**Activity:** Repeat verbatim, and only, the lines of the data below, beginning at the line that contains "unfolding is_weight_def level_weight_def" and stopping after the line that contains "since the length".

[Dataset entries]
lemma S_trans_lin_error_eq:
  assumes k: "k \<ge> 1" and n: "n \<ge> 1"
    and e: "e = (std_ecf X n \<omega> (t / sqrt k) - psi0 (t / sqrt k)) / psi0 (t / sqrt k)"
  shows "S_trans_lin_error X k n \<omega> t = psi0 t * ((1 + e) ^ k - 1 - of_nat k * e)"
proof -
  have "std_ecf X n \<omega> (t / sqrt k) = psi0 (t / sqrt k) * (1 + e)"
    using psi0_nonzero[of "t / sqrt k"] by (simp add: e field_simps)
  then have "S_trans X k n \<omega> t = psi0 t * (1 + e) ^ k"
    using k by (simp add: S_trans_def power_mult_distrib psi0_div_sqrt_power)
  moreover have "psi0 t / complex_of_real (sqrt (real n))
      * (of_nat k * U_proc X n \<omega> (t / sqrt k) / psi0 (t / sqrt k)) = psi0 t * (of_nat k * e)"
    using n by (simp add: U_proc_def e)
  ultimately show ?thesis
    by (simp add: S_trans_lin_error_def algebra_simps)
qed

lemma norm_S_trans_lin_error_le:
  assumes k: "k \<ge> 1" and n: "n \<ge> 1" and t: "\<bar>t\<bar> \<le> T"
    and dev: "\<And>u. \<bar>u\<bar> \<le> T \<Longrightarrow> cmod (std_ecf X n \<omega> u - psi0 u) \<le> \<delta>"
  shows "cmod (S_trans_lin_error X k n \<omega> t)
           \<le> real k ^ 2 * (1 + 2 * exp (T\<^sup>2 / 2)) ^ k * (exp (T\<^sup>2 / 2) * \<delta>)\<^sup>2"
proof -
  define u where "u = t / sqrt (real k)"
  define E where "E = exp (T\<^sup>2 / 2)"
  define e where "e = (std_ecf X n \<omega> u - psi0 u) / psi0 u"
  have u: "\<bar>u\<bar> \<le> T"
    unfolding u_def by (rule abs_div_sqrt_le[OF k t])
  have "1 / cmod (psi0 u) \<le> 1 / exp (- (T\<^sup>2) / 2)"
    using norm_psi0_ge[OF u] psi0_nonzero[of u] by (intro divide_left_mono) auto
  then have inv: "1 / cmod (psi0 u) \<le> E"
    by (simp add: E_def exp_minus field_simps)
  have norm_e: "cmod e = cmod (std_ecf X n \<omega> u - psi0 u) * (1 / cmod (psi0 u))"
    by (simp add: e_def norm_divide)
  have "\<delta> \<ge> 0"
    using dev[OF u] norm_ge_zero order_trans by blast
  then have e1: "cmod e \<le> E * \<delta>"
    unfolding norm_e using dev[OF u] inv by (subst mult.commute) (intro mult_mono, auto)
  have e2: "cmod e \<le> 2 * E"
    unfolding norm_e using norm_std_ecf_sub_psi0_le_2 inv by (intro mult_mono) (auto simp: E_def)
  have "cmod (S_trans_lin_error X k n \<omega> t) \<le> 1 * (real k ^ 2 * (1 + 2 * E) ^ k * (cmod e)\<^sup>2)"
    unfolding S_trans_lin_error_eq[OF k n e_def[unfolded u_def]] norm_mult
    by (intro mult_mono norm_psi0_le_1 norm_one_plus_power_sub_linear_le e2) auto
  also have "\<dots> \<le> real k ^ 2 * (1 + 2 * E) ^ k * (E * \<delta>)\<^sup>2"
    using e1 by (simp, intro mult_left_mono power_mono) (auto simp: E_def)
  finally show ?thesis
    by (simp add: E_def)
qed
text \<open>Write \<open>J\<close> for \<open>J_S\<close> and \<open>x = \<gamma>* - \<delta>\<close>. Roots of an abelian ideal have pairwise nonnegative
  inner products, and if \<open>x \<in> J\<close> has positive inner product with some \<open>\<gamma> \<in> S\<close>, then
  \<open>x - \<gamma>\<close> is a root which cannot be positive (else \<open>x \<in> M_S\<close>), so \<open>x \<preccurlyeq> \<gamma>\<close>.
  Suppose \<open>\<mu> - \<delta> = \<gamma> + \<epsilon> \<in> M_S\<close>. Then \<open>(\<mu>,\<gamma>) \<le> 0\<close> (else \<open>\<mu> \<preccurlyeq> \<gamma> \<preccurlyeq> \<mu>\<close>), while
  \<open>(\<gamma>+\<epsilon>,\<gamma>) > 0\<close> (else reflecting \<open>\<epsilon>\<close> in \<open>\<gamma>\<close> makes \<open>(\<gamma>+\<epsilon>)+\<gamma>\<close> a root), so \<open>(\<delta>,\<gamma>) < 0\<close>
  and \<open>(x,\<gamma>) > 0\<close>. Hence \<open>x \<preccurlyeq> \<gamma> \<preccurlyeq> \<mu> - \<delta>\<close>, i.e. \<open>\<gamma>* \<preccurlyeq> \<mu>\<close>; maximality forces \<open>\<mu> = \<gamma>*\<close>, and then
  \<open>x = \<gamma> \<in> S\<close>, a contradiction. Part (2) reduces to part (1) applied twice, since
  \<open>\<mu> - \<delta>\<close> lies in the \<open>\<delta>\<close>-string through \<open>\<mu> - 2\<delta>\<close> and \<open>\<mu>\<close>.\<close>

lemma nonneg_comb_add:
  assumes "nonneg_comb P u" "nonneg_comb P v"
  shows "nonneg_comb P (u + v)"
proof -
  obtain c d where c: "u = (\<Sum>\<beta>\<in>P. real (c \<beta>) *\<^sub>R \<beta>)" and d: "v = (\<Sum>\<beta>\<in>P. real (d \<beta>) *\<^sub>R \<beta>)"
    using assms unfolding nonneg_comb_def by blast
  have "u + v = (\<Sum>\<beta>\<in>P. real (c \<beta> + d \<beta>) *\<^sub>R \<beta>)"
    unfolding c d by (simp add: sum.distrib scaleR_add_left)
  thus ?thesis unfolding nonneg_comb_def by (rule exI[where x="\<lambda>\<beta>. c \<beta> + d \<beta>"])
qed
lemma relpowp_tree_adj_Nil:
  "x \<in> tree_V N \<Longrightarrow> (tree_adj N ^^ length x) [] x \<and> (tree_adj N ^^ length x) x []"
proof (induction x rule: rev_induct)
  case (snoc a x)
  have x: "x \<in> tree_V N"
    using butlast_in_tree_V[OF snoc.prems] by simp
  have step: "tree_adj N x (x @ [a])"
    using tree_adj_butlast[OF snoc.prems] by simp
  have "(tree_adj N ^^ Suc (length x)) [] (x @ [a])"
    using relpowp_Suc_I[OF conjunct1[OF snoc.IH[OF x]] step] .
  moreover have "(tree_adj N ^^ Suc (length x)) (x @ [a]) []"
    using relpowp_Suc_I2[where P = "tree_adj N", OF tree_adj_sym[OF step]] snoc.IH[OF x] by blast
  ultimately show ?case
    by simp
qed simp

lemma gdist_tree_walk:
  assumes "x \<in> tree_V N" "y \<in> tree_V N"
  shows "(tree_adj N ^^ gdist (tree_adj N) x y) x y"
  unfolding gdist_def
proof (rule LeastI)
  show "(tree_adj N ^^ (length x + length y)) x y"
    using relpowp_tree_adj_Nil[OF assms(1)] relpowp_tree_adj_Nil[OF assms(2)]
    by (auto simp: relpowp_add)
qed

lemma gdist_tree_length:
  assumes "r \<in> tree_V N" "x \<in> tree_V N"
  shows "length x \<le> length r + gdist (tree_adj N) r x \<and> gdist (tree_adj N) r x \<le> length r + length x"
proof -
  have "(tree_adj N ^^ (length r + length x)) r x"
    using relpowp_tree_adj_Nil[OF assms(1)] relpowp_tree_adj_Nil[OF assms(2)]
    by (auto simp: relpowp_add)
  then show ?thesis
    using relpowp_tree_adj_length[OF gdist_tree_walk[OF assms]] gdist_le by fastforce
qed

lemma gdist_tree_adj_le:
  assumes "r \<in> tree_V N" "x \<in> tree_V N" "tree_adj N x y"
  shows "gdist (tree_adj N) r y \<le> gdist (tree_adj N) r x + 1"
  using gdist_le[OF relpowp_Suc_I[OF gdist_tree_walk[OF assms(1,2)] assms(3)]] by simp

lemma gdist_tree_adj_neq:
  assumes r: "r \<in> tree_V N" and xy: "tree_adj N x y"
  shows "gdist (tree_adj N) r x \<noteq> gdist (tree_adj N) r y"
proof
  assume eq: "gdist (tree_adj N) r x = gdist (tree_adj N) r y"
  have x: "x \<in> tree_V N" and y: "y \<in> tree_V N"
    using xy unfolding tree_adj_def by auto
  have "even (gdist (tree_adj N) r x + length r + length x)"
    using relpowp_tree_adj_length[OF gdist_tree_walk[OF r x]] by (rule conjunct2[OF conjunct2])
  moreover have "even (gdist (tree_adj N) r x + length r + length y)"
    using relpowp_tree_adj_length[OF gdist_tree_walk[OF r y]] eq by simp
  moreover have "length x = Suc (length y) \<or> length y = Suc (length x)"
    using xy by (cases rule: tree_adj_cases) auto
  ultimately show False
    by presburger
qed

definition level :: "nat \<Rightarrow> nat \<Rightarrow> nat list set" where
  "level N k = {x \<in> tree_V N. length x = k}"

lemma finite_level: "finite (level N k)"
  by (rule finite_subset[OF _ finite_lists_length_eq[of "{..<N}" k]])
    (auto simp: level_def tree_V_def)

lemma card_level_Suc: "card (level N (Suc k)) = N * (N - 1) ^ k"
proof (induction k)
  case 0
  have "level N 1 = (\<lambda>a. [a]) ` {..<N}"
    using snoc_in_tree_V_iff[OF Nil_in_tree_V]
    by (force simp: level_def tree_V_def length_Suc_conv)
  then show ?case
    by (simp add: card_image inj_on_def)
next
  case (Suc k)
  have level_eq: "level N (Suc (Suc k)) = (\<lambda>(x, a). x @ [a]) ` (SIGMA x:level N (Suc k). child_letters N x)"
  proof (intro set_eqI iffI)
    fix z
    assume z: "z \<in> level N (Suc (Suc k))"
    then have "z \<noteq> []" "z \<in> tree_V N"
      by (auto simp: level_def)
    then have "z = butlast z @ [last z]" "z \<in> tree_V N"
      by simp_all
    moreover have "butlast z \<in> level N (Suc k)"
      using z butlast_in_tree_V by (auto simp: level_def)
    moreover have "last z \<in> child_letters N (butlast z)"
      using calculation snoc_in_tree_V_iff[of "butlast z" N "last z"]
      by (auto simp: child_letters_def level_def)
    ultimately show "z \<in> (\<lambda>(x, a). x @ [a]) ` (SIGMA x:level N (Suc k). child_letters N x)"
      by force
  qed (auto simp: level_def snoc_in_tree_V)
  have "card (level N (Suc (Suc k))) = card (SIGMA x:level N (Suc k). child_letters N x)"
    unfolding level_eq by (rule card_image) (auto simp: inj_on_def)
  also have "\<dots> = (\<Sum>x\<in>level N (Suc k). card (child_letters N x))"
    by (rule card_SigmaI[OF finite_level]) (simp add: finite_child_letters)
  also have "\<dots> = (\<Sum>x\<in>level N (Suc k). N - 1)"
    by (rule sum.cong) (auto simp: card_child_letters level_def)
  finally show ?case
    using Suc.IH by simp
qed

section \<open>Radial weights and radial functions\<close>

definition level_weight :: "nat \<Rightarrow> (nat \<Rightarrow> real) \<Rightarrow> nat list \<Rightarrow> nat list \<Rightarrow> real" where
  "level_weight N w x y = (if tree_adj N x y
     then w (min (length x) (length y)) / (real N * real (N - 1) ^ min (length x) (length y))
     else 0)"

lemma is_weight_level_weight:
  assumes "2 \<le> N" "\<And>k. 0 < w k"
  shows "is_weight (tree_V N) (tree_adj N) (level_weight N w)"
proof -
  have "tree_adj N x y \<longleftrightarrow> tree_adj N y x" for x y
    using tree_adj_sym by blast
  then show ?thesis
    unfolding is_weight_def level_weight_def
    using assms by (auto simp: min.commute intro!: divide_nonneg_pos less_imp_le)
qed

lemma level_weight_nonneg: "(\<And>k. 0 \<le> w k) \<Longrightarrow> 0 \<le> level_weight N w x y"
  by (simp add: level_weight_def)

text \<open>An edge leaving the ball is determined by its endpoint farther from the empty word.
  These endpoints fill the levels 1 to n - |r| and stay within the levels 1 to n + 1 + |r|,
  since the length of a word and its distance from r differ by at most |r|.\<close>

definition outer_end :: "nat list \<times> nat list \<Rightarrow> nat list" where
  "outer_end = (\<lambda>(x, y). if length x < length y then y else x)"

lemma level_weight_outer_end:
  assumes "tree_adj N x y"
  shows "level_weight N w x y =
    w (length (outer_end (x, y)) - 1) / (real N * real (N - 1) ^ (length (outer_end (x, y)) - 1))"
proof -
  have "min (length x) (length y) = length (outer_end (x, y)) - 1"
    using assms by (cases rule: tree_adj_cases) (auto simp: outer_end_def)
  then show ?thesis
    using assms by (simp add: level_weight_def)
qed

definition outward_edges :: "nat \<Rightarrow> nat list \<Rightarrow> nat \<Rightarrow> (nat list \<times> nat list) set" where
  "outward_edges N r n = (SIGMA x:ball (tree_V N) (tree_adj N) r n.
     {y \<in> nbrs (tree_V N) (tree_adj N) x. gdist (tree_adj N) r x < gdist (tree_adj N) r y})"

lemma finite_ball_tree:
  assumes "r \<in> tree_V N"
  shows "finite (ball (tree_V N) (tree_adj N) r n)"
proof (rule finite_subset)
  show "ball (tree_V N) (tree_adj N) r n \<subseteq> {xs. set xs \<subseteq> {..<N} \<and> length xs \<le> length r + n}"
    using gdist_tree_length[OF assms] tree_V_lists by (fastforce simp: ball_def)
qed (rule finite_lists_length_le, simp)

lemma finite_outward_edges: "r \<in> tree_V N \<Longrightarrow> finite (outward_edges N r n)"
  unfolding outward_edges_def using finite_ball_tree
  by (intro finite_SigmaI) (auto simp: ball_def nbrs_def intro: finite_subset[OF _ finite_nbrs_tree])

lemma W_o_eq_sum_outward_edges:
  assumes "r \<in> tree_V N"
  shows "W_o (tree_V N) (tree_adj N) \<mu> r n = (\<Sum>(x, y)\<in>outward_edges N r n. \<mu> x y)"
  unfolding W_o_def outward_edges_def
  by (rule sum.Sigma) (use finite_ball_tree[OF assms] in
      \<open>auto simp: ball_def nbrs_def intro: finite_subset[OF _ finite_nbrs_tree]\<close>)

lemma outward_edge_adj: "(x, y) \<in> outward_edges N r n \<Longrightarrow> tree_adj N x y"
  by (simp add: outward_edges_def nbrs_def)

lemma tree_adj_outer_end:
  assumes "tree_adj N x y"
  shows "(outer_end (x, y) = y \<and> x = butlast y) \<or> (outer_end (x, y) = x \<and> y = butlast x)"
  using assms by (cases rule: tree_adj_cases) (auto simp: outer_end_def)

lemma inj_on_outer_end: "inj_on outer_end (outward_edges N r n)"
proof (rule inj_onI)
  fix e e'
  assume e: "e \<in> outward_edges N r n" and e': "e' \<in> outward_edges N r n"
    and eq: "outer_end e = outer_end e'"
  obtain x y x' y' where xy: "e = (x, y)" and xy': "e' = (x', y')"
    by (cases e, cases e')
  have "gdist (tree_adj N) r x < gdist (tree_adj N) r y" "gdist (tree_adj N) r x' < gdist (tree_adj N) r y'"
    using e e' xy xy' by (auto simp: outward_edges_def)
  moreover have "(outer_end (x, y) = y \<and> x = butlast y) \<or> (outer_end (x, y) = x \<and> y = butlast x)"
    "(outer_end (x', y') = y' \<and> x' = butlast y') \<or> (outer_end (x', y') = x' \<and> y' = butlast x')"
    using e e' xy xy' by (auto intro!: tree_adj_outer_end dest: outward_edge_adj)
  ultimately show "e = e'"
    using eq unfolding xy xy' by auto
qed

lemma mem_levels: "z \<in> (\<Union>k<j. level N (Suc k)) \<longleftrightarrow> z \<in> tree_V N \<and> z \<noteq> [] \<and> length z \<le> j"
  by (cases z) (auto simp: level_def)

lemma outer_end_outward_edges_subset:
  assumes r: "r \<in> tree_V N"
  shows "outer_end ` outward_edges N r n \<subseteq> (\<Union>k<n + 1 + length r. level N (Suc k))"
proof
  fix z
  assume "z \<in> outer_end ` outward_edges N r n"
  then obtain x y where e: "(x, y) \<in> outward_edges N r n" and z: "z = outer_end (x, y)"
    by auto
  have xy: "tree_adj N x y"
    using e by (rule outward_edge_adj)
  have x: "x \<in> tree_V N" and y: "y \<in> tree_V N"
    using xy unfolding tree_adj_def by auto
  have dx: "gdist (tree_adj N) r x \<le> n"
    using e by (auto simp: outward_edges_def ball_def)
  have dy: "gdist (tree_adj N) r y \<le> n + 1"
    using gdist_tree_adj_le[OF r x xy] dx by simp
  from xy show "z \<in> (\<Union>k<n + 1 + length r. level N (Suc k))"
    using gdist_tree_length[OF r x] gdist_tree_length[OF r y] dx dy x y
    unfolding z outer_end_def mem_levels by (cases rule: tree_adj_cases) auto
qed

**Result of this exercise:**
    unfolding is_weight_def level_weight_def
    using assms by (auto simp: min.commute intro!: divide_nonneg_pos less_imp_le)
qed

lemma level_weight_nonneg: "(\<And>k. 0 \<le> w k) \<Longrightarrow> 0 \<le> level_weight N w x y"
  by (simp add: level_weight_def)

text \<open>An edge leaving the ball is determined by its endpoint farther from the empty word.
  These endpoints fill the levels 1 to n - |r| and stay within the levels 1 to n + 1 + |r|,
  since the length of a word and its distance from r differ by at most |r|.\<close>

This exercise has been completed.